EXERCISE DESCRIPTION
Down to the final character, output the records below as they stand.
== DATA SUPPLIED ==
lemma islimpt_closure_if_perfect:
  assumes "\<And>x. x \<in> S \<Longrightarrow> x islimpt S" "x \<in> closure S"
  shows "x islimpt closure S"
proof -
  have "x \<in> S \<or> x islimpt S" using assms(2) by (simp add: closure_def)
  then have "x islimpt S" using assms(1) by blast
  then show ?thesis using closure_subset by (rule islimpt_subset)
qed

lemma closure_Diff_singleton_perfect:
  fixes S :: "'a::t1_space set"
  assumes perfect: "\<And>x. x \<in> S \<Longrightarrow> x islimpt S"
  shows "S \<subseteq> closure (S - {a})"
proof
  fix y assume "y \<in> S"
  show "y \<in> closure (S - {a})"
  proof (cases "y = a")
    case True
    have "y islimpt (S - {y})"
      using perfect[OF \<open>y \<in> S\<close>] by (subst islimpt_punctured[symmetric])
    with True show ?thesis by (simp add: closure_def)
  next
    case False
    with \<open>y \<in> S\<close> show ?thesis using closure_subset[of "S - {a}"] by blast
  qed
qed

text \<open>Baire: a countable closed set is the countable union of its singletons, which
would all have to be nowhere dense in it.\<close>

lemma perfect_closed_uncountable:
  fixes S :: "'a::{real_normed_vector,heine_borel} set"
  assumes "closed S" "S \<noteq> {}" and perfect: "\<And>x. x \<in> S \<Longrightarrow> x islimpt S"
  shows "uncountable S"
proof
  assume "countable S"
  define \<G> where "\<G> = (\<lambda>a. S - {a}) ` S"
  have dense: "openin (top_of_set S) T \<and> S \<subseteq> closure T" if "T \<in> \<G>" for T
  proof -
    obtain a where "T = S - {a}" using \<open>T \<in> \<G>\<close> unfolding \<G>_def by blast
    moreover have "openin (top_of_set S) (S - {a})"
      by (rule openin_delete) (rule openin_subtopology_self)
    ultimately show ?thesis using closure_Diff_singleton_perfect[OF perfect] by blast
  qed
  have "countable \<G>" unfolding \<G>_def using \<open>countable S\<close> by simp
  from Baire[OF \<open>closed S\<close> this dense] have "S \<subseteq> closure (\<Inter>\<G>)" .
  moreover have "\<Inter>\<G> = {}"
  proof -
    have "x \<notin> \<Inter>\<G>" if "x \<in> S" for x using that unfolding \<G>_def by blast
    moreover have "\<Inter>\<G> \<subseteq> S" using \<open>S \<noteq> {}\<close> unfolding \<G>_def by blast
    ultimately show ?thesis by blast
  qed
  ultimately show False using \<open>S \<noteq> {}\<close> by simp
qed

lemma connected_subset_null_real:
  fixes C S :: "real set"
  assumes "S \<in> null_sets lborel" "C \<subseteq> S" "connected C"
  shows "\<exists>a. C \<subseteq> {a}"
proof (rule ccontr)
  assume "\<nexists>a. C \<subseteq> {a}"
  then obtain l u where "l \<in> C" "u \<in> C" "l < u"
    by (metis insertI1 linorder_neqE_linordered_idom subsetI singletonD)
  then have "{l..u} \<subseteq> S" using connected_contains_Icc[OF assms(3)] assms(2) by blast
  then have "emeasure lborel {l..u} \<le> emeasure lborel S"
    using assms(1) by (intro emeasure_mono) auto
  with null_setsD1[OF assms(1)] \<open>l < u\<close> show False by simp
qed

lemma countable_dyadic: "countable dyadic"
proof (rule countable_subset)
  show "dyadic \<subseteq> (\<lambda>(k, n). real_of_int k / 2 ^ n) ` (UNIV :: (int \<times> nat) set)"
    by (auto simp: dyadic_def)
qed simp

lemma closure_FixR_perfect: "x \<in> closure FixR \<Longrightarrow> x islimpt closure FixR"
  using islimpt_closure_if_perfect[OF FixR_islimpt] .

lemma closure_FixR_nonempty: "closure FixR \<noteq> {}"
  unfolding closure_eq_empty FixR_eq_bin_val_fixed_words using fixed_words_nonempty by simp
===
WRITTEN RESPONSE
lemma islimpt_closure_if_perfect:
  assumes "\<And>x. x \<in> S \<Longrightarrow> x islimpt S" "x \<in> closure S"
  shows "x islimpt closure S"
proof -
  have "x \<in> S \<or> x islimpt S" using assms(2) by (simp add: closure_def)
  then have "x islimpt S" using assms(1) by blast
  then show ?thesis using closure_subset by (rule islimpt_subset)
qed

lemma closure_Diff_singleton_perfect:
  fixes S :: "'a::t1_space set"
  assumes perfect: "\<And>x. x \<in> S \<Longrightarrow> x islimpt S"
  shows "S \<subseteq> closure (S - {a})"
proof
  fix y assume "y \<in> S"
  show "y \<in> closure (S - {a})"
  proof (cases "y = a")
    case True
    have "y islimpt (S - {y})"
      using perfect[OF \<open>y \<in> S\<close>] by (subst islimpt_punctured[symmetric])
    with True show ?thesis by (simp add: closure_def)
  next
    case False
    with \<open>y \<in> S\<close> show ?thesis using closure_subset[of "S - {a}"] by blast
  qed
qed

text \<open>Baire: a countable closed set is the countable union of its singletons, which
would all have to be nowhere dense in it.\<close>

lemma perfect_closed_uncountable:
  fixes S :: "'a::{real_normed_vector,heine_borel} set"
  assumes "closed S" "S \<noteq> {}" and perfect: "\<And>x. x \<in> S \<Longrightarrow> x islimpt S"
  shows "uncountable S"
proof
  assume "countable S"
  define \<G> where "\<G> = (\<lambda>a. S - {a}) ` S"
  have dense: "openin (top_of_set S) T \<and> S \<subseteq> closure T" if "T \<in> \<G>" for T
  proof -
    obtain a where "T = S - {a}" using \<open>T \<in> \<G>\<close> unfolding \<G>_def by blast
    moreover have "openin (top_of_set S) (S - {a})"
      by (rule openin_delete) (rule openin_subtopology_self)
    ultimately show ?thesis using closure_Diff_singleton_perfect[OF perfect] by blast
  qed
  have "countable \<G>" unfolding \<G>_def using \<open>countable S\<close> by simp
  from Baire[OF \<open>closed S\<close> this dense] have "S \<subseteq> closure (\<Inter>\<G>)" .
  moreover have "\<Inter>\<G> = {}"
  proof -
    have "x \<notin> \<Inter>\<G>" if "x \<in> S" for x using that unfolding \<G>_def by blast
    moreover have "\<Inter>\<G> \<subseteq> S" using \<open>S \<noteq> {}\<close> unfolding \<G>_def by blast
    ultimately show ?thesis by blast
  qed
  ultimately show False using \<open>S \<noteq> {}\<close> by simp
qed

lemma connected_subset_null_real:
  fixes C S :: "real set"
  assumes "S \<in> null_sets lborel" "C \<subseteq> S" "connected C"
  shows "\<exists>a. C \<subseteq> {a}"
proof (rule ccontr)
  assume "\<nexists>a. C \<subseteq> {a}"
  then obtain l u where "l \<in> C" "u \<in> C" "l < u"
    by (metis insertI1 linorder_neqE_linordered_idom subsetI singletonD)
  then have "{l..u} \<subseteq> S" using connected_contains_Icc[OF assms(3)] assms(2) by blast
  then have "emeasure lborel {l..u} \<le> emeasure lborel S"
    using assms(1) by (intro emeasure_mono) auto
  with null_setsD1[OF assms(1)] \<open>l < u\<close> show False by simp
qed

lemma countable_dyadic: "countable dyadic"
proof (rule countable_subset)
  show "dyadic \<subseteq> (\<lambda>(k, n). real_of_int k / 2 ^ n) ` (UNIV :: (int \<times> nat) set)"
    by (auto simp: dyadic_def)
qed simp

lemma closure_FixR_perfect: "x \<in> closure FixR \<Longrightarrow> x islimpt closure FixR"
  using islimpt_closure_if_perfect[OF FixR_islimpt] .

lemma closure_FixR_nonempty: "closure FixR \<noteq> {}"
  unfolding closure_eq_empty FixR_eq_bin_val_fixed_words using fixed_words_nonempty by simp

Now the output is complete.